I’ve been working on my NL Hold’em tournament skills, and I’m pretty good at the early and middle stages; in the ten-seat sit-and-go tournaments I find myself in the top four most of the time. Unfortunately, it’s usually three or four, with the rare foray into the top two. (I am turning a small profit at them, according to PokerTracker, but not as much as it could be.) Frankly, my short game/endgame skills just suck.

None of my books address this very well; I understand that it is a major focus of the second volume of Dan Harrington’s superb Harrington on Hold’em, coming out next month.

In the meantime, I ask the great poker minds of this board–what are some good strategic guidelines for when the seats get empty and the blinds get big? What is your advice for someone who just can’t seem to get over that last hump?
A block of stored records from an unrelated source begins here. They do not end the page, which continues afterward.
(* Let $a_0, a_1 \in \mathbb{Z}$ and let $u_0, u_1$ be positive rational numbers with $u_0 > u_1$ such that \[ a_0 \arctan u_0 + a_1 \arctan u_1 = \frac{\pi}{4}. \] Then the real number $\alpha := \dfrac{\arctan u_0}{\arctan u_1}$ is irrational. *)

theory Defs
  imports Complex_Main
begin

end

theory Submission
  imports Defs "HOL-Computational_Algebra.Primes"
begin

text \<open>
  If \<open>arctan u\<^sub>0 / arctan u\<^sub>1\<close> were rational, the linear relation with
  \<open>\<pi>/4\<close> would make both \<open>arctan u\<^sub>i\<close> rational multiples of \<open>\<pi>\<close>. By Niven's
  theorem \<open>2 cos (2 arctan u\<^sub>i) = 2 (1 - u\<^sub>i\<^sup>2) / (1 + u\<^sub>i\<^sup>2)\<close> is then an integer,
  and since \<open>\<surd>3\<close> is irrational this forces \<open>u\<^sub>i = 1\<close> for both \<open>i\<close>, contradicting
  \<open>u\<^sub>1 < u\<^sub>0\<close>.
\<close>

lemma rational_square_neq_prime:
  fixes x :: real and p :: int
  assumes "x \<in> \<rat>" and "prime p"
  shows "x\<^sup>2 \<noteq> of_int p"
proof
  assume x2: "x\<^sup>2 = of_int p"
  obtain a b where b: "b > 0" and cop: "coprime a b" and ab: "x = of_int a / of_int b"
    using assms(1) by (metis Rats_cases')
  have "(of_int a :: real)\<^sup>2 = of_int p * (of_int b)\<^sup>2"
    using x2 ab b by (simp add: field_simps)
  hence eq: "a\<^sup>2 = p * b\<^sup>2"
    by (metis of_int_eq_iff of_int_mult of_int_power)
  hence "p dvd a"
    using assms(2) prime_dvd_power by (metis dvd_triv_left)
  then obtain k where "a = p * k" by blast
  with eq have "p * (p * k\<^sup>2) = p * b\<^sup>2"
    by (simp add: power2_eq_square ac_simps)
  hence "b\<^sup>2 = p * k\<^sup>2"
    using assms(2) prime_gt_0_int by simp
  hence "p dvd b"
    using assms(2) prime_dvd_power by (metis dvd_triv_left)
  with \<open>p dvd a\<close> cop have "is_unit p" by (metis coprime_common_divisor)
  with assms(2) show False by (simp add: not_prime_unit)
qed

lemma finite_range_cos_int_mult_rational_pi:
  assumes "r \<in> \<rat>"
  shows "finite (range (\<lambda>j::int. cos (of_int j * r * pi)))"
proof -
  obtain m n :: int where n: "n > 0" and r: "r = of_int m / of_int n"
    using assms by (metis Rats_cases')
  have "range (\<lambda>j::int. cos (of_int j * r * pi))
          \<subseteq> (\<lambda>i. cos (of_int i * pi / of_int n)) ` {0..<2*n}"
  proof clarify
    fix j :: int
    define i where "i = j * m mod (2 * n)"
    define k where "k = j * m div (2 * n)"
    have "j * m = i + 2 * n * k"
      unfolding i_def k_def by simp
    hence "of_int j * of_int m = (of_int i + 2 * of_int n * of_int k :: real)"
      by (metis of_int_add of_int_mult of_int_numeral)
    hence "of_int j * r * pi = of_int i * pi / of_int n + 2 * pi * of_int k"
      using n unfolding r by (simp add: field_simps)
    hence "cos (of_int j * r * pi) = cos (of_int i * pi / of_int n)"
      using sin_cos_eq_iff by blast
    moreover have "i \<in> {0..<2*n}"
      unfolding i_def using n by simp
    ultimately show "cos (of_int j * r * pi) \<in> (\<lambda>i. cos (of_int i * pi / of_int n)) ` {0..<2*n}"
      by blast
  qed
  thus ?thesis by (rule finite_subset) simp
qed

lemma iterate_square_add_int_reduced_fraction:
  fixes y :: "nat \<Rightarrow> 'a::field_char_0" and a b c :: int
  assumes "y 0 = of_int a / of_int b" and "coprime a b" and "b \<noteq> 0"
    and step: "\<And>k. y (Suc k) = (y k)\<^sup>2 + of_int c"
  shows "\<exists>d. coprime d b \<and> y k = of_int d / of_int b ^ (2 ^ k)"
proof (induction k)
  case 0
  thus ?case using assms(1,2) by auto
next
  case (Suc k)
  then obtain d where d: "coprime d b" "y k = of_int d / of_int b ^ (2 ^ k)" by blast
  define e where "e = d\<^sup>2 + c * (b ^ 2 ^ k)\<^sup>2"
  have "b dvd c * (b ^ 2 ^ k)\<^sup>2"
    by (simp add: power2_eq_square)
  then obtain t where t: "c * (b ^ 2 ^ k)\<^sup>2 = t * b" by (metis dvd_def mult.commute)
  have "gcd b e = gcd b (d\<^sup>2)"
    unfolding e_def t by (metis gcd_add_mult add.commute)
  moreover have "coprime b (d\<^sup>2)"
    using d(1) by (simp add: ac_simps)
  ultimately have "coprime e b"
    by (simp add: coprime_iff_gcd_eq_1 gcd.commute)
  moreover have "y (Suc k) = of_int e / of_int b ^ (2 ^ Suc k)"
  proof -
    have "(of_int b :: 'a) ^ 2 ^ Suc k = (of_int b ^ 2 ^ k)\<^sup>2"
      by (simp add: power_mult[symmetric] mult.commute)
    thus ?thesis
      using \<open>b \<noteq> 0\<close> unfolding step d(2) e_def by (simp add: field_simps)
  qed
  ultimately show ?case by blast
qed

lemma inj_iterate_square_add_int:
  fixes y :: "nat \<Rightarrow> 'a::field_char_0" and a b c :: int
  assumes y0: "y 0 = of_int a / of_int b" and "coprime a b" and "b > 1"
    and step: "\<And>k. y (Suc k) = (y k)\<^sup>2 + of_int c"
  shows "inj y"
proof -
  have reduced: "\<exists>d. coprime d b \<and> y k = of_int d / of_int b ^ (2 ^ k)" for k
    using iterate_square_add_int_reduced_fraction[OF y0 \<open>coprime a b\<close> _ step] \<open>b > 1\<close>
    by simp
  have "y k \<noteq> y l" if "k < l" for k l
  proof
    assume eq: "y k = y l"
    obtain d where d: "y k = of_int d / of_int b ^ (2 ^ k)"
      using reduced by blast
    obtain d' where d': "coprime d' b" "y l = of_int d' / of_int b ^ (2 ^ l)"
      using reduced by blast
    define s where "s = 2 ^ l - (2 ^ k :: nat)"
    have "(2 ^ k :: nat) < 2 ^ l"
      using \<open>k < l\<close> by simp
    hence s: "2 ^ l = 2 ^ k + s" and "s > 0"
      unfolding s_def by auto
    have "(of_int d :: 'a) * of_int b ^ (2 ^ l) = of_int d' * of_int b ^ (2 ^ k)"
      using eq d d'(2) \<open>b > 1\<close> by (simp add: field_simps)
    hence "d * b ^ (2 ^ l) = d' * b ^ (2 ^ k)"
      by (metis of_int_eq_iff of_int_mult of_int_power)
    hence "d' = d * b ^ s"
      using \<open>b > 1\<close> unfolding s by (simp add: power_add)
    hence "b dvd d'"
      using \<open>s > 0\<close> by (simp add: dvd_power)
    with d'(1) have "is_unit b" by (metis coprime_common_divisor dvd_refl)
    with \<open>b > 1\<close> show False by simp
  qed
  thus ?thesis by (metis injI linorder_neqE_nat)
qed

text \<open>
  The values \<open>2 cos (2\<^sup>k r \<pi>)\<close> form a finite set, yet they arise from
  \<open>2 cos (r \<pi>)\<close> by iterating \<open>y \<mapsto> y\<^sup>2 - 2\<close>, which squares the reduced denominator.
\<close>

theorem niven_two_cos:
  assumes "r \<in> \<rat>" and "2 * cos (r * pi) \<in> \<rat>"
  shows "2 * cos (r * pi) \<in> \<int>"
proof -
  define y where "y k = 2 * cos (of_int (2 ^ k) * r * pi)" for k :: nat
  have step: "y (Suc k) = (y k)\<^sup>2 + of_int (-2)" for k
  proof -
    have "y (Suc k) = 2 * cos (2 * (of_int (2 ^ k) * r * pi))"
      unfolding y_def by (simp add: mult.assoc)
    thus ?thesis
      unfolding y_def cos_double_cos by (simp add: power2_eq_square)
  qed
  have "range y \<subseteq> (\<lambda>x. 2 * x) ` range (\<lambda>j::int. cos (of_int j * r * pi))"
    unfolding y_def by blast
  hence "finite (range y)"
    using finite_range_cos_int_mult_rational_pi[OF assms(1)] finite_subset by blast
  obtain a b :: int where "b > 0" and "coprime a b" and ab: "y 0 = of_int a / of_int b"
    using assms(2) unfolding y_def by (auto elim: Rats_cases')
  show ?thesis
  proof (cases "b = 1")
    case True
    thus ?thesis using ab unfolding y_def by simp
  next
    case False
    with \<open>b > 0\<close> have "inj y"
      using inj_iterate_square_add_int[OF ab \<open>coprime a b\<close> _ step] by simp
    hence "infinite (range y)"
      using finite_imageD infinite_UNIV_nat by blast
    with \<open>finite (range y)\<close> show ?thesis by blast
  qed
qed

lemma two_cos_double_arctan:
  "2 * cos (2 * arctan u) = 2 * (1 - u\<^sup>2) / (1 + u\<^sup>2)"
proof -
  have pos: "1 + u\<^sup>2 > 0"
    by (simp add: add_pos_nonneg)
  have "cos (2 * arctan u) = 2 / (1 + u\<^sup>2) - 1"
    using pos by (simp add: cos_double_cos cos_arctan power_divide)
  thus ?thesis
    using pos by (simp add: field_simps)
qed

lemma rational_arctan_rational_multiple_pi:
  fixes u :: real
  assumes "u \<in> \<rat>" and "arctan u / pi \<in> \<rat>"
  shows "u \<in> {-1, 0, 1}"
proof -
  have "2 * (arctan u / pi) \<in> \<rat>"
    using assms(2) by (intro Rats_mult) simp_all
  hence "2 * cos (2 * (arctan u / pi) * pi) \<in> \<int>"
    by (rule niven_two_cos) (simp add: two_cos_double_arctan assms(1))
  then obtain z :: int where z: "2 * cos (2 * arctan u) = of_int z"
    by (auto elim: Ints_cases)
  have u2: "u\<^sup>2 * (2 + of_int z) = 2 - of_int z"
    using z add_pos_nonneg[of 1 "u\<^sup>2"] unfolding two_cos_double_arctan
    by (simp add: field_simps)
  have "\<bar>z\<bar> \<le> 2"
    using abs_cos_le_one[of "2 * arctan u"] z by linarith
  moreover have "z \<noteq> -2"
    using u2 by auto
  ultimately have "z \<in> {-1, 0, 1, 2}"
    by auto
  moreover have "z \<noteq> -1"
  proof
    assume "z = -1"
    with u2 have "u\<^sup>2 = of_int 3" by simp
    thus False using rational_square_neq_prime[OF assms(1), of 3] by simp
  qed
  moreover have "z \<noteq> 1"
  proof
    assume "z = 1"
    with u2 have "(3 * u)\<^sup>2 = of_int 3" by (simp add: power_mult_distrib)
    thus False using rational_square_neq_prime[of "3 * u" 3] assms(1) by simp
  qed
  ultimately have "u\<^sup>2 = 1 \<or> u\<^sup>2 = 0"
    using u2 by auto
  thus ?thesis by (auto simp: power2_eq_1_iff)
qed

theorem proposition1:
  fixes a0 a1 :: int and u0 u1 :: real
  assumes "u0 \<in> \<rat>" and "u1 \<in> \<rat>"
    and "0 < u1" and "u1 < u0"
    and "of_int a0 * arctan u0 + of_int a1 * arctan u1 = pi / 4"
  shows "arctan u0 / arctan u1 \<notin> \<rat>"
proof
  define r where "r = arctan u0 / arctan u1"
  assume "r \<in> \<rat>"
  have "arctan u1 \<noteq> 0"
    using \<open>0 < u1\<close> by simp
  hence "arctan u0 = r * arctan u1"
    unfolding r_def by simp
  hence relation: "(of_int a0 * r + of_int a1) * arctan u1 = pi / 4"
    using assms(5) by (simp add: algebra_simps)
  hence "of_int a0 * r + of_int a1 \<noteq> 0"
    by auto
  with relation have "arctan u1 / pi = 1 / (4 * (of_int a0 * r + of_int a1))"
    by (simp add: field_simps)
  hence rat1: "arctan u1 / pi \<in> \<rat>"
    using \<open>r \<in> \<rat>\<close> by simp
  have "arctan u0 / pi = r * (arctan u1 / pi)"
    using \<open>arctan u0 = r * arctan u1\<close> by simp
  with \<open>r \<in> \<rat>\<close> rat1 have "arctan u0 / pi \<in> \<rat>"
    by (metis Rats_mult)
  hence "u0 = 1" and "u1 = 1"
    using rational_arctan_rational_multiple_pi assms(1-4) rat1 by fastforce+
  with \<open>u1 < u0\<close> show False by simp
qed

end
Is your goal to win or to cash? If you just want to cash, shut down when it’s down to four and let someone else get blinded/busted out first. If your goal is to win, what works for me if I have a deep enough stack is to pound the blinds and/or short stack with pretty much any hand with possibility. I rarely call when it’s bubble time; raise or fold. Some of my success with this move is because I tend to play very tight in the early stages so I have the table image to help me get away with steals.
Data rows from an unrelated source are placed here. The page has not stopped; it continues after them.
definition root_cell :: "nat \<Rightarrow> cell" where
  "root_cell d = (0, replicate d 0)"

definition parent :: "cell \<Rightarrow> cell" where
  "parent c = (fst c - 1, map (\<lambda>x. x div 2) (snd c))"

definition children :: "nat \<Rightarrow> cell \<Rightarrow> cell set" where
  "children d c = {(Suc (fst c), b) | b. length b = d \<and> (\<forall>i<d. b ! i div 2 = snd c ! i)}"

definition quadtree :: "nat \<Rightarrow> cell set \<Rightarrow> bool" where
  "quadtree d T \<longleftrightarrow> finite T \<and> root_cell d \<in> T \<and> (\<forall>c\<in>T. valid_cell d c)
     \<and> (\<forall>c\<in>T. 0 < fst c \<longrightarrow> parent c \<in> T)
     \<and> (\<forall>c\<in>T. children d c \<subseteq> T \<or> children d c \<inter> T = {})"

definition leaf :: "nat \<Rightarrow> cell set \<Rightarrow> cell \<Rightarrow> bool" where
  "leaf d T c \<longleftrightarrow> c \<in> T \<and> children d c \<inter> T = {}"

text \<open>Coordinates of the cell boundaries in units of 1/2^m of the root size (m \<ge> level).\<close>
definition lo :: "nat \<Rightarrow> cell \<Rightarrow> nat \<Rightarrow> nat" where
  "lo m c i = snd c ! i * 2 ^ (m - fst c)"

definition hi :: "nat \<Rightarrow> cell \<Rightarrow> nat \<Rightarrow> nat" where
  "hi m c i = (snd c ! i + 1) * 2 ^ (m - fst c)"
All advice subject to change based on any of about 50 factors.

Oh, and heads up, raise raise raise.

Otto, if the SDMB was one of those forums where members could buy other members custom titles, I would buy you one that said King of Hold 'Em. You show up in Hold 'Em threads like I show up in NA$CAR threads. :smiley:

That being said, your advice is dead on IMO. Once you get to heads up, the shittiest of hands will win, so it becomes more about the betting. If you have a decent hand (any paint, any pocket pair, any running pocket cards) bet big.

What Otto said.

The value of suited cards goes down. The value of card rank goes up. Aggresion becomes more important. Psychology enters into the game at this point in a big way. As a short-handed or heads-up match progresses, there’s sort of an ebb and flow that takes place. As the cards are dealt, pure randomness dictates that players will get runs of good and bad ‘luck’, for short periods and long. If you win a couple of hands in a row you start to gain a psychological edge over your opponent. If you can learn to exploit that, know when to lean in on the other player and when to back off, you can control the game.
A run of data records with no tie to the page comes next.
lemma tight_two_point_in_mv_dists:
  assumes "0 < d" "d \<le> mu"
  shows "tight_two_point mu sd d \<in> mv_dists mu sd"
proof -
  define q where "q = d ^ 2 / (sd ^ 2 + d ^ 2)"
  have pos: "0 < sd ^ 2 + d ^ 2"
    using assms(1) by (simp add: add_nonneg_pos)
  then have q: "0 \<le> q" "q \<le> 1" "1 - q = sd ^ 2 / (sd ^ 2 + d ^ 2)"
    unfolding q_def using assms(1) by (simp_all add: field_simps)
  have balance: "q * (sd ^ 2 / d) = (1 - q) * d"
    unfolding q(3) unfolding q_def using pos assms(1) by (simp add: field_simps power2_eq_square)
  then have "q * (mu + sd ^ 2 / d) + (1 - q) * (mu - d) = mu"
    by (simp add: algebra_simps)
  moreover have "q * ((mu + sd ^ 2 / d) - mu) ^ 2 + (1 - q) * ((mu - d) - mu) ^ 2 = sd ^ 2"
  proof -
    have "q * (sd ^ 2 / d) ^ 2 = (q * (sd ^ 2 / d)) * (sd ^ 2 / d)"
      by (simp add: power2_eq_square)
    also have "\<dots> = (1 - q) * sd ^ 2"
      unfolding balance using assms(1) by simp
    finally have "q * (sd ^ 2 / d) ^ 2 + (1 - q) * d ^ 2 = (1 - q) * (sd ^ 2 + d ^ 2)"
      by (simp add: algebra_simps)
    also have "\<dots> = sd ^ 2"
      unfolding q(3) using pos by simp
    finally show ?thesis
      by simp
  qed
  ultimately show ?thesis
    unfolding tight_two_point_def q_def[symmetric] using q assms
    by (intro two_point_in_mv_dists) auto
qed

lemma ratio_tight_two_point_ge:
  assumes "0 < d" "d \<le> mu" "mu - d < p" "p \<le> mu + sd ^ 2 / d"
  shows "ereal ((mu - d) * (sd ^ 2 + d ^ 2) / (p * d ^ 2)) \<le>
      ratio (OPT (tight_two_point mu sd d)) (REV p (tight_two_point mu sd d))"
    "ereal ((mu + sd ^ 2 / d) / p) \<le>
      ratio (OPT (tight_two_point mu sd d)) (REV p (tight_two_point mu sd d))"
proof -
  define q where "q = d ^ 2 / (sd ^ 2 + d ^ 2)"
  have pos: "0 < sd ^ 2 + d ^ 2"
    using assms(1) by (simp add: add_nonneg_pos)
  then have q: "0 < q" "q \<le> 1"
    unfolding q_def using assms(1) by simp_all
  have "(mu - d) / (p * q) = (mu - d) * (sd ^ 2 + d ^ 2) / (p * d ^ 2)"
    unfolding q_def using pos assms(1) by (simp add: field_simps)
  then show "ereal ((mu - d) * (sd ^ 2 + d ^ 2) / (p * d ^ 2)) \<le>
      ratio (OPT (tight_two_point mu sd d)) (REV p (tight_two_point mu sd d))"
    "ereal ((mu + sd ^ 2 / d) / p) \<le>
      ratio (OPT (tight_two_point mu sd d)) (REV p (tight_two_point mu sd d))"
    using ratio_two_point_ge[OF q, of "mu - d" p "mu + sd ^ 2 / d"] assms
    unfolding tight_two_point_def q_def[symmetric] by simp_all
qed

lemma rho_le_low_point_ratio:
  assumes "0 < mu" "1 < rho" "sd ^ 2 = mu ^ 2 * (rho - 1) ^ 3 / (2 * rho - 1) ^ 2"
    "opt_price rho mu \<le> p" "p < mu"
  shows "rho \<le> 1 + sd ^ 2 / (mu - p) ^ 2"
proof -
  obtain D k where D: "1 < D" "rho = (D + 1) / 2" "mu = 2 * D * k" "opt_price rho mu = (D + 1) * k"
    "sd ^ 2 = k ^ 2 * (D - 1) ^ 3 / 2"
    using opt_price_parametrization[OF assms(2,3)] by metis
  have "(D + 1) * k \<le> p"
    using assms(4) unfolding D(4) .
  then have "(mu - p) ^ 2 \<le> ((D - 1) * k) ^ 2"
    using assms(5) unfolding D(3) by (intro power_mono) (auto simp: algebra_simps)
  then have "((D - 1) / 2) * (mu - p) ^ 2 \<le> ((D - 1) / 2) * ((D - 1) * k) ^ 2"
    using D(1) by (intro mult_left_mono) auto
  also have "\<dots> = sd ^ 2"
    unfolding D(5) by (simp add: power2_eq_square power3_eq_cube)
  finally have "(rho - 1) * (mu - p) ^ 2 \<le> sd ^ 2"
    unfolding D(2) by (simp add: field_simps)
  then have "rho - 1 \<le> sd ^ 2 / (mu - p) ^ 2"
    using assms(5) by (simp add: le_divide_eq)
  then show ?thesis
    by simp
qed

lemma rho_le_high_point_ratio:
  assumes "0 < mu" "1 < rho" "sd ^ 2 = mu ^ 2 * (rho - 1) ^ 3 / (2 * rho - 1) ^ 2"
    "0 < p" "p \<le> opt_price rho mu"
  shows "rho \<le> (mu + sd ^ 2 / (mu - p)) / p"
proof -
  obtain D k where D: "1 < D" "rho = (D + 1) / 2" "mu = 2 * D * k" "opt_price rho mu = (D + 1) * k"
    "sd ^ 2 = k ^ 2 * (D - 1) ^ 3 / 2"
    using opt_price_parametrization[OF assms(2,3)] by metis
  have k: "0 < k"
    using assms(1) D(1,3) by (simp add: zero_less_mult_iff)
  have p_le: "p \<le> (D + 1) * k"
    using assms(5) unfolding D(4) .
  moreover have "k < D * k"
    using D(1) k by simp
  ultimately have "p < mu"
    unfolding D(3) by (simp add: algebra_simps)
  have "2 * (mu * (mu - p) + sd ^ 2 - rho * p * (mu - p)) =
      (p - (D + 1) * k) * ((D + 1) * p - (D ^ 2 + 4 * D - 1) * k)"
    unfolding D(2,3,5) by (simp add: field_simps power2_eq_square power3_eq_cube)
  also have "\<dots> \<ge> 0"
  proof (rule mult_nonpos_nonpos)
    show "p - (D + 1) * k \<le> 0"
      using p_le by simp
    have "(D + 1) * p \<le> (D + 1) * ((D + 1) * k)"
      using p_le D(1) by (intro mult_left_mono) auto
    moreover have "k \<le> D * k"
      using D(1) k by simp
    ultimately show "(D + 1) * p - (D ^ 2 + 4 * D - 1) * k \<le> 0"
      by (simp add: algebra_simps power2_eq_square)
  qed
  finally have "rho * p * (mu - p) \<le> mu * (mu - p) + sd ^ 2"
    by simp
  then show ?thesis
    using assms(4) \<open>p < mu\<close> by (simp add: field_simps)
qed

lemma exists_ratio_ge_of_eventually:
  assumes "\<forall>\<^sub>F d in at_right d0. 0 < d \<and> d \<le> mu \<and> mu - d < p \<and> p \<le> mu + sd ^ 2 / d \<and>
    (y < (mu - d) * (sd ^ 2 + d ^ 2) / (p * d ^ 2) \<or> y < (mu + sd ^ 2 / d) / p)"
  shows "\<exists>M\<in>mv_dists mu sd. ereal y \<le> ratio (OPT M) (REV p M)"
proof -
  obtain d where d: "0 < d" "d \<le> mu" "mu - d < p" "p \<le> mu + sd ^ 2 / d"
    and "y < (mu - d) * (sd ^ 2 + d ^ 2) / (p * d ^ 2) \<or> y < (mu + sd ^ 2 / d) / p"
    using eventually_happens'[OF trivial_limit_at_right_real assms] by blast
  then have "ereal y \<le> ereal ((mu - d) * (sd ^ 2 + d ^ 2) / (p * d ^ 2)) \<or>
      ereal y \<le> ereal ((mu + sd ^ 2 / d) / p)"
    by auto
  then show ?thesis
    using tight_two_point_in_mv_dists[OF d(1,2)] ratio_tight_two_point_ge[OF d]
    by (meson order_trans)
qed

lemma exists_ratio_ge_above_mean:
  assumes "0 < mu" "0 < sd" "mu \<le> p"
  shows "\<exists>M\<in>mv_dists mu sd. ereal y \<le> ratio (OPT M) (REV p M)"
proof (rule exists_ratio_ge_of_eventually)
  have "filterlim (\<lambda>d. (mu - d) * (sd ^ 2 + d ^ 2) / (p * d ^ 2)) at_top (at_right 0)"
    using assms by real_asymp
  then have "\<forall>\<^sub>F d in at_right 0. y < (mu - d) * (sd ^ 2 + d ^ 2) / (p * d ^ 2)"
    by (simp add: filterlim_at_top_dense)
  moreover have "\<forall>\<^sub>F d in at_right 0. 0 < (d::real)"
    by (rule eventually_at_right_less)
  moreover have "\<forall>\<^sub>F d in at_right 0. d < mu"
    using assms(1) by real_asymp
  moreover have "\<forall>\<^sub>F d in at_right 0. p - mu \<le> sd ^ 2 / d"
    using assms(2) by real_asymp
  ultimately show "\<forall>\<^sub>F d in at_right 0. 0 < d \<and> d \<le> mu \<and> mu - d < p \<and> p \<le> mu + sd ^ 2 / d \<and>
      (y < (mu - d) * (sd ^ 2 + d ^ 2) / (p * d ^ 2) \<or> y < (mu + sd ^ 2 / d) / p)"
    by eventually_elim (use assms(3) in auto)
qed

(* As d decreases to mu - p the low atom mu - d rises to the price p and is still sold. *)
lemma exists_ratio_ge_below_mean:
  assumes "0 < p" "p < mu" and y: "y < 1 + sd ^ 2 / (mu - p) ^ 2 \<or> y < (mu + sd ^ 2 / (mu - p)) / p"
  shows "\<exists>M\<in>mv_dists mu sd. ereal y \<le> ratio (OPT M) (REV p M)"
proof (rule exists_ratio_ge_of_eventually)
  define F where "F d = max ((mu - d) * (sd ^ 2 + d ^ 2) / (p * d ^ 2)) ((mu + sd ^ 2 / d) / p)" for d
  have "(F \<longlongrightarrow> F (mu - p)) (at_right (mu - p))"
    unfolding F_def using assms(1,2) by (intro tendsto_intros) auto
  moreover have "(mu - (mu - p)) * (sd ^ 2 + (mu - p) ^ 2) / (p * (mu - p) ^ 2) = 1 + sd ^ 2 / (mu - p) ^ 2"
    using assms(1,2) by (simp add: field_simps)
  then have "y < F (mu - p)"
    unfolding F_def using y by auto
  ultimately have "\<forall>\<^sub>F d in at_right (mu - p). y < F d"
    by (rule order_tendstoD)
  moreover have "\<forall>\<^sub>F d in at_right (mu - p). mu - p < d"
    by (rule eventually_at_right_less)
  moreover have "\<forall>\<^sub>F d in at_right (mu - p). d < mu"
    using order_tendstoD(2)[OF tendsto_ident_at, of "mu - p" mu] assms(1) by simp
  ultimately show "\<forall>\<^sub>F d in at_right (mu - p). 0 < d \<and> d \<le> mu \<and> mu - d < p \<and> p \<le> mu + sd ^ 2 / d \<and>
      (y < (mu - d) * (sd ^ 2 + d ^ 2) / (p * d ^ 2) \<or> y < (mu + sd ^ 2 / d) / p)"
    by eventually_elim (use assms(2) in \<open>auto simp: F_def intro!: add_increasing2\<close>)
qed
In my opinion, this is where the real skill exists in poker. And there’s a large variation in skill between the best and the average. Anyone can read a few books and learn to beat a soft ring game. It just takes discipline. But to be a good short-handed or heads-up player, you have to be a fast thinker, and you have to be a shrewd judge of the situation.

There are “great poker minds” here? I gotta pay more attention. My game obviously has some flaws - I just seem to cycle up and down, instead of hitting a steady rise.

In online sit-in-go’s the #1 factor for getting in the money is pure aggression in the end-game. You can’t wait for cards any longer because the blinds are ramping up, so you need to steal. You only need to steal a few large blinds, typically at the 50/100, 75/150 and 100/200 levels to make it in the money. Small stacks who were getting chipped down will bust out or you will have bought yourself time to catch a big hand and bust someone. If you’re playing SNG’s on Party or a Party skin I’d advise you to spend your juice elsewhere because the structure is ridiculous.

If you’re playing SNGs in the $10-$30 range you should be able to steal alot of blinds with any two cards. Remember these players are just as scared of busting out on the bubble as you are. Also remember that players are out to steal your blinds as well and if someone min-raises your blind from a steal position or completes the SB you need to push back occasionally.

Head-Ups, raise your button with any-two cards. Any piece of the flop becomes extremely valuable and bet your strong draws hard.